I tried both the on-demand implementation and non-ondemand implementation. This uses the same atom string cache optimization that JSON.parse uses.

benchmark time (avg) (min … max) p75 p99 p995
------------------------------------------------------------------------------ -----------------------------
• small object
------------------------------------------------------------------------------ -----------------------------
JSON.parse 656.38 ns/iter (621.56 ns … 788.83 ns) 665.85 ns 788.83 ns 788.83 ns
JSON.parse (SIMDJSON on-demand buffer) 743.61 ns/iter (720.6 ns … 833.83 ns) 745.12 ns 833.83 ns 833.83 ns

summary for small object
JSON.parse
1.13x faster than JSON.parse (SIMDJSON on-demand buffer)

• Array(4096) of true
------------------------------------------------------------------------------ -----------------------------
JSON.parse 45.42 µs/iter (42.79 µs … 1.91 ms) 44.79 µs 52.71 µs 56.54 µs
JSON.parse (SIMDJSON on-demand buffer) 38.65 µs/iter (35.33 µs … 1.44 ms) 38.58 µs 45.38 µs 50.17 µs

summary for Array(4096) of true
JSON.parse (SIMDJSON on-demand buffer)
1.18x faster than JSON.parse

• Array(4096) of 1234.567
------------------------------------------------------------------------------ -----------------------------
JSON.parse 100.79 µs/iter (96.42 µs … 962.79 µs) 100.08 µs 111.5 µs 115.38 µs
JSON.parse (SIMDJSON on-demand buffer) 62.12 µs/iter (58.13 µs … 751.96 µs) 62.75 µs 71.21 µs 75.96 µs

summary for Array(4096) of 1234.567
JSON.parse (SIMDJSON on-demand buffer)
1.62x faster than JSON.parse

• Array(4096) of 'hello'
------------------------------------------------------------------------------ -----------------------------
JSON.parse 142.44 µs/iter (132.75 µs … 1.38 ms) 141.33 µs 159.42 µs 169.54 µs
JSON.parse (SIMDJSON on-demand buffer) 196.67 µs/iter (130.54 µs … 1.9 ms) 203.5 µs 234.5 µs 407.46 µs

summary for Array(4096) of 'hello'
JSON.parse
1.38x faster than JSON.parse (SIMDJSON on-demand buffer)

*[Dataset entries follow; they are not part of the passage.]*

lemma weighted_potential_after_draw:
  assumes i: "i \<in> heavy" "i \<notin> S"
  shows "(\<Sum>j\<in>I - S. potential i (insert j S) * x j)
    \<le> (1 - decay_rate k) * potential i S * (\<Sum>j\<in>I - S. x j)"
proof -
  let ?B = "I - S" and ?p = "potential i S" and ?G = "heavier i"
  define g where "g = (\<Sum>j\<in>?B \<inter> ?G. x j)"
  define r where "r = (\<Sum>j\<in>?B - ?G - {i}. x j)"
  have iB: "i \<in> ?B" and iG: "i \<notin> ?G" using i heavy_subset by (auto simp: heavier_def)
  have fin_B: "finite ?B" using finite_items by simp
  have "(\<Sum>j\<in>?B. potential i (insert j S) * x j)
      = (\<Sum>j\<in>?B. ?p * x j - (if j = i then ?p * x i else 0) - (if j \<in> ?G then x j else 0))"
    using i(2) iG by (intro sum.cong refl) (auto simp: potential_insert algebra_simps)
  also have "\<dots> = ?p * (\<Sum>j\<in>?B. x j) - ?p * x i - g"
    using fin_B iB
    by (simp add: sum_subtractf sum_distrib_left g_def sum.inter_restrict[symmetric] Int_commute)
  also have "\<dots> \<le> (1 - decay_rate k) * ?p * (\<Sum>j\<in>?B. x j)"
  proof -
    have "(\<Sum>j\<in>?B. x j) = g + (x i + r)"
      unfolding g_def r_def using fin_B iB iG
      by (simp add: sum.Int_Diff[OF fin_B, of _ ?G] sum.remove[of "?B - ?G" i])
    moreover have "r \<le> 2 * real k * x i"
      unfolding r_def using i(1) by (rule sum_lighter_le) (auto simp: heavier_def)
    moreover have "0 \<le> g" unfolding g_def using weight_nonneg by (intro sum_nonneg) auto
    ultimately have "decay_rate k * ?p * (\<Sum>j\<in>?B. x j) \<le> ?p * x i + g"
      using decay_rate_mult_le[of ?p k "x i" g r] potential_nonneg potential_le[OF i(1)]
        weight_nonneg heavy_subset i(1)
      by (auto simp: algebra_simps)
    then show ?thesis by (simp add: algebra_simps)
  qed
  finally show ?thesis .
qed

lemma expected_potential_after_draw:
  assumes "i \<in> heavy"
  shows "(\<integral>\<^sup>+j. ennreal (potential i (insert j S)) \<partial>wsample x (I - S))
    \<le> ennreal ((1 - decay_rate k) * potential i S)"
proof (cases "i \<in> S")
  case True
  then show ?thesis by (simp add: potential_def)
next
  case False
  have B: "finite (I - S)" "I - S \<noteq> {}" "\<And>j. j \<in> I - S \<Longrightarrow> 0 < x j"
    using finite_items assms False heavy_subset weight_pos by auto
  have "0 < (\<Sum>j\<in>I - S. x j)" using B by (intro sum_pos) auto
  then have "(\<Sum>j\<in>I - S. potential i (insert j S) * x j) / (\<Sum>j\<in>I - S. x j)
      \<le> (1 - decay_rate k) * potential i S"
    using weighted_potential_after_draw[OF assms False] by (simp add: pos_divide_le_eq)
  moreover have "(\<integral>\<^sup>+j. ennreal (potential i (insert j S)) \<partial>wsample x (I - S))
      = ennreal ((\<Sum>j\<in>I - S. potential i (insert j S) * x j) / (\<Sum>j\<in>I - S. x j))"
    using B potential_nonneg by (intro nn_integral_wsample)
  ultimately show ?thesis by (simp add: ennreal_leI)
qed

lemma expected_potential_wswor:
  assumes "i \<in> heavy"
  shows "(\<integral>\<^sup>+S. ennreal (potential i S) \<partial>wswor x I m) \<le> ennreal ((1 - decay_rate k) ^ m * potential i {})"
proof (induction m)
  case 0
  show ?case by (simp add: potential_nonneg)
next
  case (Suc m)
  have \<eta>: "0 \<le> 1 - decay_rate k" using decay_rate_le_half[of k] by simp
  have "(\<integral>\<^sup>+S. ennreal (potential i S) \<partial>wswor x I (Suc m))
      = (\<integral>\<^sup>+S. (\<integral>\<^sup>+j. ennreal (potential i (insert j S)) \<partial>wsample x (I - S)) \<partial>wswor x I m)"
    by simp
  also have "\<dots> \<le> (\<integral>\<^sup>+S. ennreal (1 - decay_rate k) * ennreal (potential i S) \<partial>wswor x I m)"
    using expected_potential_after_draw[OF assms] \<eta> potential_nonneg
    by (intro nn_integral_mono) (simp add: ennreal_mult)
  also have "\<dots> = ennreal (1 - decay_rate k) * (\<integral>\<^sup>+S. ennreal (potential i S) \<partial>wswor x I m)"
    by (rule nn_integral_cmult) simp
  also have "\<dots> \<le> ennreal (1 - decay_rate k) * ennreal ((1 - decay_rate k) ^ m * potential i {})"
    by (intro mult_left_mono Suc.IH) simp
  also have "\<dots> = ennreal ((1 - decay_rate k) ^ Suc m * potential i {})"
    using \<eta> potential_nonneg by (simp add: ennreal_mult[symmetric] mult.assoc)
  finally show ?case .
qed

lemma prob_missing_le:
  assumes "i \<in> heavy"
  shows "measure_pmf.prob (wswor x I m) {S. i \<notin> S} \<le> 2 * real k * (1 - decay_rate k) ^ m"
proof -
  have \<eta>: "0 \<le> 1 - decay_rate k" using decay_rate_le_half[of k] by simp
  have "ennreal (measure_pmf.prob (wswor x I m) {S. i \<notin> S}) = (\<integral>\<^sup>+S. indicator {S. i \<notin> S} S \<partial>wswor x I m)"
    by (simp add: measure_pmf.emeasure_eq_measure[symmetric])
  also have "\<dots> \<le> (\<integral>\<^sup>+S. ennreal (potential i S) \<partial>wswor x I m)"
    by (intro nn_integral_mono) (auto simp: potential_def split: split_indicator)
  also have "\<dots> \<le> ennreal ((1 - decay_rate k) ^ m * potential i {})"
    using assms by (rule expected_potential_wswor)
  also have "\<dots> \<le> ennreal ((1 - decay_rate k) ^ m * (2 * real k))"
    using potential_le[OF assms, of "{}"] \<eta> by (intro ennreal_leI mult_left_mono) simp_all
  finally show ?thesis using \<eta> by (simp add: ennreal_le_iff mult.commute)
qed

lemma prob_heavy_sampled:
  assumes "2 \<le> k" "0 < \<delta>" "\<delta> < 1 / 2" "15 * real k * ln (real k / \<delta>) \<le> real s"
  shows "1 - \<delta> \<le> measure_pmf.prob (wswor x I (min (card I) s)) {S. heavy \<subseteq> S}"
proof -
  let ?P = "wswor x I (min (card I) s)"
  have "measure_pmf.prob ?P {S. \<not> heavy \<subseteq> S} \<le> \<delta>"
  proof (cases "card I \<le> s")
    case True
    then have "heavy \<subseteq> S" if "S \<in> set_pmf ?P" for S
      using wswor_full[of I x S, OF finite_items weight_pos] that heavy_subset by simp
    then have "measure_pmf.prob ?P {S. \<not> heavy \<subseteq> S} = 0"
      by (auto simp: measure_pmf_zero_iff)
    then show ?thesis using assms by simp
  next
    case False
    have "{S. \<not> heavy \<subseteq> S} = (\<Union>i\<in>heavy. {S. i \<notin> S})" by blast
    then have "measure_pmf.prob ?P {S. \<not> heavy \<subseteq> S} \<le> (\<Sum>i\<in>heavy. measure_pmf.prob ?P {S. i \<notin> S})"
      using finite_heavy by (simp add: measure_pmf.finite_measure_subadditive_finite)
    also have "\<dots> \<le> (\<Sum>i\<in>heavy. 2 * real k * (1 - decay_rate k) ^ s)"
      using False prob_missing_le by (intro sum_mono) simp
    also have "\<dots> = real (card heavy) * (2 * real k * (1 - decay_rate k) ^ s)"
      by simp
    also have "\<dots> \<le> 2 * real k * (2 * real k * (1 - decay_rate k) ^ s)"
      using card_heavy decay_rate_le_half[of k] by (intro mult_right_mono) auto
    also have "\<dots> \<le> \<delta>"
      using decay_rate_power_le[OF assms] by (simp add: power2_eq_square mult_ac)
    finally show ?thesis .
  qed
  moreover have "measure_pmf.prob ?P {S. heavy \<subseteq> S} = 1 - measure_pmf.prob ?P {S. \<not> heavy \<subseteq> S}"
    using measure_pmf.prob_compl[of "{S. \<not> heavy \<subseteq> S}" ?P] by (simp add: Compl_eq_Diff_UNIV[symmetric] Collect_neg_eq[symmetric])
  ultimately show ?thesis by linarith
qed

end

• Array(4096) of 'hello'.repeat(1024)
------------------------------------------------------------------------------ -----------------------------
JSON.parse 9.8 ms/iter (9.07 ms … 11.26 ms) 10.19 ms 11.26 ms 11.26 ms
JSON.parse (SIMDJSON on-demand buffer) 6.39 ms/iter (5.9 ms … 9 ms) 6.74 ms 9 ms 9 ms

summary for Array(4096) of 'hello'.repeat(1024)
JSON.parse (SIMDJSON on-demand buffer)
1.53x faster than JSON.parse

• Array(4096) of {a: 123, b: 456}
------------------------------------------------------------------------------ -----------------------------
JSON.parse 310.68 µs/iter (297.96 µs … 1.14 ms) 308.25 µs 386.33 µs 752.25 µs
JSON.parse (SIMDJSON on-demand buffer) 413.16 µs/iter (398.67 µs … 1.13 ms) 411.88 µs 474.38 µs 717.29 µs

summary for Array(4096) of {a: 123, b: 456}
JSON.parse
1.33x faster than JSON.parse (SIMDJSON on-demand buffer)
Benchmark: ```js import { bench, group, run } from "mitata"; function load(obj) { const asStr = JSON.stringify(obj); const buffer = Buffer.from(asStr); bench("JSON.parse", () => { return JSON.parse(asStr); }); bench("JSON.parse (SIMDJSON on-demand buffer)", () => { return buffer.json(); }); } group("small object", () => { var obj = { a: 1, b: 2, c: null, false: false, true: true, null: null, foo: "bar", arr: [1, 2, 3], h: { a: 1, }, i: { a: 1, }, j: {}, // 100 more keys k: {}, }; load(obj); }); group("Array(4096) of true", () => { var obj = Array(4096); obj.length = 4096; obj.fill(true); load(obj); }); group("Array(4096) of 1234.567", () => { var obj = Array(4096); obj.length = 4096; obj.fill(1234.567); load(obj); }); group("Array(4096) of 'hello'", () => { var obj = Array(4096); obj.length = 4096; obj.fill("hello"); load(obj); }); group("Array(4096) of 'hello'.repeat(1024)", () => { var obj = Array(4096); obj.length = 4096; obj.fill("hello".repeat(1024)); load(obj); }); group("Array(4096) of {a: 123, b: 456}", () => { var obj = Array(4096); obj.length = 4096; obj.fill({ a: 123, b: 456 }); load(obj); }); run(); ```

Code: https://github.com/oven-sh/bun/commit/84a9fac3158c0b90151c4a154c94d89ac90aa11c

lemire commented 1 year ago

Ping me if you think I can help.

valstu commented 3 months ago

This would be great feature, manipulating big files (especially json) with node.js can get quite tricky.